Khepri's A to Z: ESG - Buy and Sell-Side Compliance

Background

In general, investors are increasingly conscious of how fund managers, corporate businesses and other relevant stakeholders consider and embed Environmental, Social and Governance (“ESG”) factors into their business models.

There are various global initiatives around Environmental matters which includes:

  • the periodic Conference of the Parties (or “COP”) to the United Nations Framework Convention on Climate Change (UNFCCC); and

  • IOSCO’s “ESG Taskforce”.

Local regulatory initiatives sit within this wider global framework.

In addition to the various UK regulatory initiatives (more on this below) there are parallel, and in some cases divergent / contradictory, initiatives being progressed by the SEC (in the USA) and the European Commission (in the EU).  

In the UK, ESG regulatory initiatives are being targeted at each of:

  • UK Corporates;

  • UK Fund Managers;

  • UK Portfolio Manager; and

  • Distributors of Funds in the UK.

This article will mostly focuses on CP 22/20 - Sustainability Disclosure Requirements (SDR) and investment labels – and the latter three stakeholders listed above.
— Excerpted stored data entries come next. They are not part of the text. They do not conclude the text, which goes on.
lemma B_D_subset_A_D_if_sp_greater:
  assumes "sp' < sp"
  shows "B.D T \<subseteq> A.D T"
proof (induction T rule: less_induct)
  case (less T)
  show ?case
  proof (cases "T \<le> 2")
    case True then show ?thesis by (rule B_D_subset_A_D_upto_2)
  next
    case False
    show ?thesis
    proof
      fix i assume i: "i \<in> B.D T"
      then have "i \<in> I" using B.D_subset by blast
      show "i \<in> A.D T"
      proof (cases "vL < H i \<or> i \<in> A.D 2")
        case True
        then show ?thesis
          using A.high_mem_D_Suc[OF \<open>i \<in> I\<close>, of "T - 1"] monoD[OF A.mono_D, of 2 T] False
          by (auto simp: Suc_diff_le)
      next
        case False
        then have low: "H i < vL" using A.H_neq_vL[OF \<open>i \<in> I\<close>] by force
        have "\<not> lowH2 lam vH vL sp < ereal (H i)"
          using False \<open>i \<in> I\<close> A.D_2[OF high_nonempty] by (simp add: lam_def)
        then obtain h2 where h2: "lowH2 lam vH vL sp = ereal h2" "H i \<le> h2"
          unfolding lowH2_def by (auto split: if_splits)
        have "h2 < vL" using lowH2_eq_ereal_D[OF h2(1) A.vL_less_vH A.sp_less_1] by simp
        have "B.F h2 < A.F h2"
          by (rule FF_less_FF_at_lowH2[OF h2(1) threshold_less A.vL_less_vH A.sp_less_1
                B.vL_less_vH B.sp_less_1])
        then have "B.F (H i) < A.F (H i)"
          using FF_less_FF_of_le h2(2) \<open>h2 < vL\<close> assms A.sp_less_1 B.sp_less_1 by simp
        then show ?thesis
          using B_D_subset_A_D_if_preceded less.IH i low by auto
      qed
    qed
  qed
qed
(* Let $R$ be a commutative ring and $M$ an $R$-module, and let $\mathbf F(M)$ be the set of $R$-submodules of $M$ with its Zariski topology. Then: (1) the set $\mathbf f(M)$ of finitely generated submodules of $M$ is dense in $\mathbf F(M)$ with respect to the constructible topology; (2) $\mathbf f(M)$, with the subspace topology induced by the Zariski topology, is a spectral space if and only if $M$ is a Noetherian $R$-module.
   Context: The Zariski topology on $\mathbf F(M)$ is the topology with basis of open sets $\mathcal B(x_1,\ldots,x_n):=\{N\in\mathbf F(M)\mid x_1,\ldots,x_n\in N\}$, $x_1,\ldots,x_n\in M$; with it $\mathbf F(M)$ is a spectral space (a space homeomorphic to the prime spectrum of a commutative ring). The constructible topology on a spectral space is the coarsest topology in which all open quasi-compact subsets are clopen. *)

theory Defs
  imports "HOL-Analysis.Analysis" "HOL-Algebra.Module"
begin

definition submods :: "('a, 'c) ring_scheme \<Rightarrow> ('a, 'b, 'd) module_scheme \<Rightarrow> 'b set set" where
  "submods R M = {N. submodule N R M}"

definition gen_submod :: "('a, 'c) ring_scheme \<Rightarrow> ('a, 'b, 'd) module_scheme \<Rightarrow> 'b set \<Rightarrow> 'b set" where
  "gen_submod R M X = \<Inter>{P. submodule P R M \<and> X \<subseteq> P}"

definition fg_submods :: "('a, 'c) ring_scheme \<Rightarrow> ('a, 'b, 'd) module_scheme \<Rightarrow> 'b set set" where
  "fg_submods R M = {N. submodule N R M \<and>
      (\<exists>X. finite X \<and> X \<subseteq> carrier M \<and> N = gen_submod R M X)}"

definition zariski_basic :: "('a, 'c) ring_scheme \<Rightarrow> ('a, 'b, 'd) module_scheme \<Rightarrow> 'b set \<Rightarrow> 'b set set" where
  "zariski_basic R M X = {N \<in> submods R M. X \<subseteq> N}"

definition zariski_submods :: "('a, 'c) ring_scheme \<Rightarrow> ('a, 'b, 'd) module_scheme \<Rightarrow> 'b set topology" where
  "zariski_submods R M =
     topology_generated_by {zariski_basic R M X | X. finite X \<and> X \<subseteq> carrier M}"

definition constructible_topology :: "'a topology \<Rightarrow> 'a topology" where
  "constructible_topology X =
     topology_generated_by
       ({U. openin X U \<and> compactin X U} \<union> {topspace X - U | U. openin X U \<and> compactin X U})"

definition irreducible_in :: "'a topology \<Rightarrow> 'a set \<Rightarrow> bool" where
  "irreducible_in X Z \<longleftrightarrow> Z \<noteq> {} \<and> Z \<subseteq> topspace X \<and>
     (\<forall>A B. closedin X A \<and> closedin X B \<and> Z \<subseteq> A \<union> B \<longrightarrow> Z \<subseteq> A \<or> Z \<subseteq> B)"

text \<open>Spectral space, via Hochster's intrinsic characterization.\<close>
definition spectral_space :: "'a topology \<Rightarrow> bool" where
  "spectral_space X \<longleftrightarrow>
     t0_space X \<and> compact_space X \<and>
     (\<forall>U V. openin X U \<and> compactin X U \<and> openin X V \<and> compactin X V \<longrightarrow> compactin X (U \<inter> V)) \<and>
     (\<forall>W. openin X W \<longrightarrow> (\<exists>\<C>. (\<forall>C\<in>\<C>. openin X C \<and> compactin X C) \<and> W = \<Union>\<C>)) \<and>
     (\<forall>Z. closedin X Z \<and> irreducible_in X Z \<longrightarrow> (\<exists>!x. x \<in> topspace X \<and> X closure_of {x} = Z))"

definition noetherian_module :: "('a, 'c) ring_scheme \<Rightarrow> ('a, 'b, 'd) module_scheme \<Rightarrow> bool" where
  "noetherian_module R M \<longleftrightarrow>
     (\<forall>C :: nat \<Rightarrow> 'b set. (\<forall>n. submodule (C n) R M) \<and> (\<forall>n. C n \<subseteq> C (Suc n)) \<longrightarrow>
        (\<exists>k. \<forall>n\<ge>k. C n = C k))"

end

theory Submission
  imports Defs
begin

text \<open>
  Zariski-open sets are upward closed, and each point N of an open set U has a basic
  neighbourhood B(X) \<subseteq> U with X \<subseteq> N finite. Hence every constructible-open neighbourhood
  of N contains a whole interval {P | X \<subseteq> P \<subseteq> N} with X \<subseteq> N finite, and the finitely
  generated submodule \<langle>X\<rangle> lies in it.

  F(M) itself is spectral: B(X) has the least element \<langle>X\<rangle>, hence is quasi-compact; and
  irreducibility of a closed set Z puts every finite subset of \<Union>Z inside a single member
  of Z, so \<Union>Z is a submodule, lies in Z, and is the generic point of Z. Thus if M is
  Noetherian, f(M) = F(M) is spectral. Conversely, if f(M) is spectral and N is a submodule,
  the finitely generated submodules of N form a directed, hence irreducible, closed subset
  of f(M); its generic point G satisfies G \<subseteq> N \<subseteq> G. So every submodule is finitely
  generated, which forces the ascending chain condition.
\<close>

section \<open>Finitely generated submodules and Noetherian modules\<close>

lemma submods_subset_carrier: "P \<in> submods R M \<Longrightarrow> P \<subseteq> carrier M"
  unfolding submods_def using submodule.axioms(1) subgroup.subset by force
The FCA intends to publish the policy statement in Q3, 2023 - watch this space!

The requirements

There are eight key elements of the SDR regime proposed by the FCA, which can be briefly summarised as follows:

  1. Sustainable investment labels: A classification regime based on how products aim to invest, split into three categories: (a) Sustainable: investing in assets that are environmentally and/or socially sustainable (b) Sustainable improvers: investing to improve the environmental and/or social sustainability of assets over time, including in response to the stewardship influence of the firm ) (c) Sustainable impact: investing in solutions to environmental or social problems, to achieve positive, real-world impact.

  2. Consumer‑facing disclosures: Accessible disclosures to help consumers understand the key sustainability-related features of an investment product. For all products.

  3. Pre‑contractual disclosures: Setting out the sustainability-related features of an investment product. For products using a sustainable label.

  4. Ongoing sustainability related performance information: Periodic information on how the product is performing compared with what was said at the point of sale. For products using a sustainable label.

  5. Entity‑level disclosures: How firms are managing sustainability-related risks and opportunities

  6. Anti-greenwashing rule: A general rule - sustainability-related claims must be clear, fair and not misleading.

  7. Naming and marketing rules: To restrict the use of sustainability-related terms in the naming and marketing of products offered to retail investors that do not use a sustainable investment label.

  8. Distributors: Requirements for distributors of in-scope investment products to retail investors in the UK to make the sustainable investment label and consumer-facing disclosures available to those investors.

Retail Investors

In the context of these rules, retail investors are those who are not per-se professional or elective professional investors and would include high-net worth investors and sophisticated investors.

Applicability

There is a very helpful applicability table on pages 20 to 23 of CP 22/20. We have in this article highlighted the applicability of the rules for four separate examples

Example 1: UK AIFM managing unauthorised AIFs with Retail Investors

In this example the firm is a Full Scope or Sub-Threshold AIFM what manages either UK or non-UK AIFs which are either open or closed ended. The AIFs are marketed to and include investors that are high-net worth and sophisticated investors who have not elected up or are not eligible to elect up to professional investor status. The funds are not listed on an exchange.

Example 2: UK placement agent privately marketing investment funds located in the UK or elsewhere

In this example the firm could either be an Appointed Representative or directly licensed by the FCA. They are likely to be an “adviser / arranger” or, if they have a wider set of permissions, only arrange deals in funds where they get paid by the fund manager a commission or retainer fee. The marketing strategy is to solicit investors who are part of the individuals known network. The funds are not listed on an exchange.

Example 3: UK investment platform hosting funds for sale in the UK

In this example the UK investment platform hosts funds for sale via a website and the platform facilities the investor coming into the fund. Potentially allowing them to sign subscription documents online but they do not provide a custody platform I.e. the investor holds the interest directly as an LP of the relevant fund or feeder fund. The funds are not listed on an exchange.

Example 4: Discretionary investment manager for UK

The firm is a MiFID Investment Firm and provides discretionary management services to individual clients via a mandate provided to them on a client-by-client basis. Their clients include UK AIFM managing unauthorised AIFs (not listed on an exchange) with Retail Investors.

Application of the UK's Sustainability Disclosure Requirements - click to enlarge

 

Next Steps

Firms should look out for the policy statement in Q3 2023. These rules (except for the greenwashing rule which is effective immediately) will come into force between 12 and 24 months after the publication of the policy statement.